WHAT IS NEEDED: Could you print every line from the first one of the records below through the line containing "section \<open>Reduced words\<close>", with both included and nothing else?

PROVIDED ENTRIES:

lemma inv_count_permutes_mono:
  assumes g: "g permutes {1..m}" and "m \<le> N"
  shows "inv_count N g = inv_count m g"
proof -
  have bounded: "b \<le> m" if "1 \<le> a" "a < b" "g b < g a" for a b
  proof (rule ccontr)
    assume "\<not> b \<le> m"
    then have "g b = b"
      by (simp add: permutes_not_in[OF g])
    moreover have "g a \<le> max a m"
      using permutes_in_image[OF g, of a] permutes_not_in[OF g, of a] by (cases "a \<le> m") auto
    ultimately show False
      using that \<open>\<not> b \<le> m\<close> by simp
  qed
  then have "inversions N g = inversions m g"
    unfolding inversions_def using bounded \<open>m \<le> N\<close> by (fastforce intro: order.trans)
  then show ?thesis
    by (simp add: inv_count_def)
qed

section \<open>Reduced words\<close>

definition red_words :: "nat \<Rightarrow> (nat \<Rightarrow> nat) \<Rightarrow> nat list set" where
  "red_words n f = {w. set w \<subseteq> {1..<n} \<and> word_perm w = f \<and> length w = inv_count n f}"

lemma red_words_permutes: "w \<in> red_words n f \<Longrightarrow> f permutes {1..n}"
  unfolding red_words_def using word_perm_permutes by blast

lemma red_wordsI:
  "set w \<subseteq> {1..<n} \<Longrightarrow> word_perm w = f \<Longrightarrow> length w \<le> inv_count n f \<Longrightarrow> w \<in> red_words n f"
  using inv_count_word_perm_le[of w n] by (auto simp: red_words_def)

lemma red_words_nonempty: "f permutes {1..n} \<Longrightarrow> red_words n f \<noteq> {}"
  using permutes_has_reduced_word by (auto simp: red_words_def)

lemma red_words_id [simp]: "red_words n id = {[]}"
  by (auto simp: red_words_def)

lemma finite_red_words [simp]: "finite (red_words n f)"
  by (rule finite_subset[of _ "{w. set w \<subseteq> {1..<n} \<and> length w = inv_count n f}"])
     (auto simp: red_words_def finite_lists_length_eq)

lemma snoc_in_red_words_iff:
  "w @ [i] \<in> red_words n f \<longleftrightarrow> 1 \<le> i \<and> i < n \<and> f (Suc i) < f i \<and> w \<in> red_words n (f \<circ> adj i)"
proof
  assume red: "w @ [i] \<in> red_words n f"
  then have w: "set w \<subseteq> {1..<n}" and i: "1 \<le> i" "i < n" and f: "f = word_perm w \<circ> adj i"
    and len: "Suc (length w) = inv_count n f"
    by (auto simp: red_words_def word_perm_snoc)
  have "inv_count n (word_perm w) \<le> length w"
    by (rule inv_count_word_perm_le[OF w])
  then have asc: "word_perm w i < word_perm w (Suc i)" and "inv_count n (word_perm w) = length w"
    using inv_count_comp_adj[OF word_perm_permutes[OF w] i] f len by (auto split: if_splits)
  moreover have "f \<circ> adj i = word_perm w"
    using f by simp
  ultimately show "1 \<le> i \<and> i < n \<and> f (Suc i) < f i \<and> w \<in> red_words n (f \<circ> adj i)"
    using w i f by (auto simp: red_words_def adj_def)
next
  assume "1 \<le> i \<and> i < n \<and> f (Suc i) < f i \<and> w \<in> red_words n (f \<circ> adj i)"
  then have i: "1 \<le> i" "i < n" and desc: "f (Suc i) < f i" and w: "w \<in> red_words n (f \<circ> adj i)"
    by auto
  have "inv_count n f = Suc (inv_count n (f \<circ> adj i))"
    using inv_count_comp_adj[OF red_words_permutes[OF w] i] desc by (simp add: adj_def)
  then show "w @ [i] \<in> red_words n f"
    using w i by (auto simp: red_words_def word_perm_snoc)
qed

lemma exists_red_word_ending:
  assumes "f permutes {1..n}" "1 \<le> i" "i < n" "f (Suc i) < f i"
  obtains z where "z @ [i] \<in> red_words n f"
proof -
  obtain z where "z \<in> red_words n (f \<circ> adj i)"
    using red_words_nonempty[OF permutes_compose[OF permutes_adj assms(1)]] assms(2,3) by blast
  then show thesis
    using that assms by (simp add: snoc_in_red_words_iff)
qed

lemma red_words_prefix:
  assumes "xs @ ys \<in> red_words n f"
  shows "xs \<in> red_words n (word_perm xs)"
proof -
  from assms have xs: "set xs \<subseteq> {1..<n}" and ys: "set ys \<subseteq> {1..<n}"
    and "word_perm xs \<circ> word_perm ys = f" and "length xs + length ys = inv_count n f"
    by (auto simp: red_words_def)
  then have "length xs \<le> inv_count n (word_perm xs)"
    using inv_count_comp_word_perm_le[OF word_perm_permutes[OF xs] ys] by simp
  then show ?thesis
    using red_wordsI[OF xs] by simp
qed

lemma red_words_mono:
  assumes "g permutes {1..m}" "set y \<subseteq> {1..<m}" "m \<le> N"
  shows "y \<in> red_words N g \<longleftrightarrow> y \<in> red_words m g"
  using inv_count_permutes_mono[OF assms(1,3)] assms(2,3) by (auto simp: red_words_def)

lemma append_in_red_words_iff:
  assumes x: "set x \<subseteq> {1..<n}" and count: "inv_count n (word_perm x \<circ> g) = length x + inv_count n g"
  shows "x @ y \<in> red_words n (word_perm x \<circ> g) \<longleftrightarrow> y \<in> red_words n g"
proof -
  have "inj (word_perm x)"
    using permutes_inj[OF word_perm_permutes[OF x]] .
  then have "word_perm x \<circ> word_perm y = word_perm x \<circ> g \<longleftrightarrow> word_perm y = g"
    by (metis fun.inj_map_strong inj_eq)
  then show ?thesis
    using x count by (auto simp: red_words_def)
qed

lemma commute_in_red_words:
  assumes "Suc i < j \<or> Suc j < i" "z @ [i, j] \<in> red_words n f"
  shows "z @ [j, i] \<in> red_words n f"
  using assms adj_comp_commute[OF assms(1)] by (auto simp: red_words_def)

lemma braid_in_red_words:
  assumes "j = Suc i \<or> i = Suc j" "z @ [i, j, i] \<in> red_words n f"
  shows "z @ [j, i, j] \<in> red_words n f"
proof -
  have "word_perm [i, j, i] = word_perm [j, i, j]"
    using adj_braid[OF assms(1)] by auto
  then show ?thesis
    using assms(2) by (auto simp: red_words_def simp del: word_perm_Cons)
qed

lemma double_letter_not_in_red_words: "z @ [i, i] \<notin> red_words n f"
proof
  assume "z @ [i, i] \<in> red_words n f"
  then have "f (Suc i) < f i" "(f \<circ> adj i) (Suc i) < (f \<circ> adj i) i"
    using snoc_in_red_words_iff[of "z @ [i]"] snoc_in_red_words_iff[of z] by auto
  then show False
    by (simp add: adj_def)
qed

(* word_perm (rev u) p is the position of the value p in the one-line notation of word_perm u;
   along a reduced word the largest value only moves left and the smallest only moves right. *)

lemma red_word_position_of_max_stays_left:
  assumes "u @ v \<in> red_words n g" "set (u @ v) \<subseteq> {..<p}" "word_perm (rev u) p < p"
  shows "word_perm (rev (u @ v)) p < p"
  using assms
proof (induction v arbitrary: g rule: rev_induct)
  case (snoc j v)
  let ?W = "word_perm (u @ v)" and ?t = "word_perm (rev (u @ v)) p"
  have red: "(u @ v) @ [j] \<in> red_words n g"
    using snoc.prems(1) by simp
  then have "u @ v \<in> red_words n ?W"
    by (rule red_words_prefix)
  then have t: "?t < p"
    using snoc by simp
  have j: "j < p"
    using snoc.prems(2) by simp
  have "g (Suc j) < g j" "u @ v \<in> red_words n (g \<circ> adj j)"
    using red unfolding snoc_in_red_words_iff by auto
  then have "?W j < ?W (Suc j)"
    by (simp add: red_words_def adj_def)
  moreover have "?W ?t = p"
    by (rule word_perm_rev_inverse)
  moreover have "?W p \<le> p"
    using snoc.prems(2) by (intro word_perm_le) auto
  ultimately have "\<not> (j = ?t \<and> Suc j = p)"
    by auto
  then show ?case
    using t j by (auto simp: adj_def)
qed simp

lemma red_word_position_of_min_stays_right:
  assumes "u @ v \<in> red_words n g" "\<forall>j\<in>set (u @ v). p \<le> j" "p < word_perm (rev u) p"
  shows "p < word_perm (rev (u @ v)) p"
  using assms
proof (induction v arbitrary: g rule: rev_induct)
  case (snoc j v)
  let ?W = "word_perm (u @ v)" and ?t = "word_perm (rev (u @ v)) p"
  have red: "(u @ v) @ [j] \<in> red_words n g"
    using snoc.prems(1) by simp
  then have "u @ v \<in> red_words n ?W"
    by (rule red_words_prefix)
  then have t: "p < ?t"
    using snoc by simp
  have j: "p \<le> j"
    using snoc.prems(2) by simp
  have "g (Suc j) < g j" "u @ v \<in> red_words n (g \<circ> adj j)"
    using red unfolding snoc_in_red_words_iff by auto
  then have "?W j < ?W (Suc j)"
    by (simp add: red_words_def adj_def)
  moreover have "?W ?t = p"
    by (rule word_perm_rev_inverse)
  moreover have "p \<le> ?W p"
    using snoc.prems(2) by (intro word_perm_ge) auto
  ultimately have "\<not> (j = p \<and> ?t = Suc p)"
    by auto
  then show ?case
    using t j by (auto simp: adj_def)
qed simp

section \<open>Shuffles of reduced words\<close>

definition red_shuffle :: "nat \<Rightarrow> (nat \<Rightarrow> bool) \<Rightarrow> (nat \<Rightarrow> nat) \<Rightarrow> (nat \<Rightarrow> nat) \<Rightarrow> nat list \<Rightarrow> bool" where
  "red_shuffle n P \<alpha> \<beta> w \<longleftrightarrow> filter P w \<in> red_words n \<alpha> \<and> filter (\<lambda>x. \<not> P x) w \<in> red_words n \<beta>"

lemma red_shuffle_letters: "red_shuffle n P \<alpha> \<beta> w \<Longrightarrow> set w \<subseteq> {1..<n}"
  by (auto simp: red_shuffle_def red_words_def)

PROBLEM SOLUTION:
lemma inv_count_permutes_mono:
  assumes g: "g permutes {1..m}" and "m \<le> N"
  shows "inv_count N g = inv_count m g"
proof -
  have bounded: "b \<le> m" if "1 \<le> a" "a < b" "g b < g a" for a b
  proof (rule ccontr)
    assume "\<not> b \<le> m"
    then have "g b = b"
      by (simp add: permutes_not_in[OF g])
    moreover have "g a \<le> max a m"
      using permutes_in_image[OF g, of a] permutes_not_in[OF g, of a] by (cases "a \<le> m") auto
    ultimately show False
      using that \<open>\<not> b \<le> m\<close> by simp
  qed
  then have "inversions N g = inversions m g"
    unfolding inversions_def using bounded \<open>m \<le> N\<close> by (fastforce intro: order.trans)
  then show ?thesis
    by (simp add: inv_count_def)
qed

section \<open>Reduced words\<close>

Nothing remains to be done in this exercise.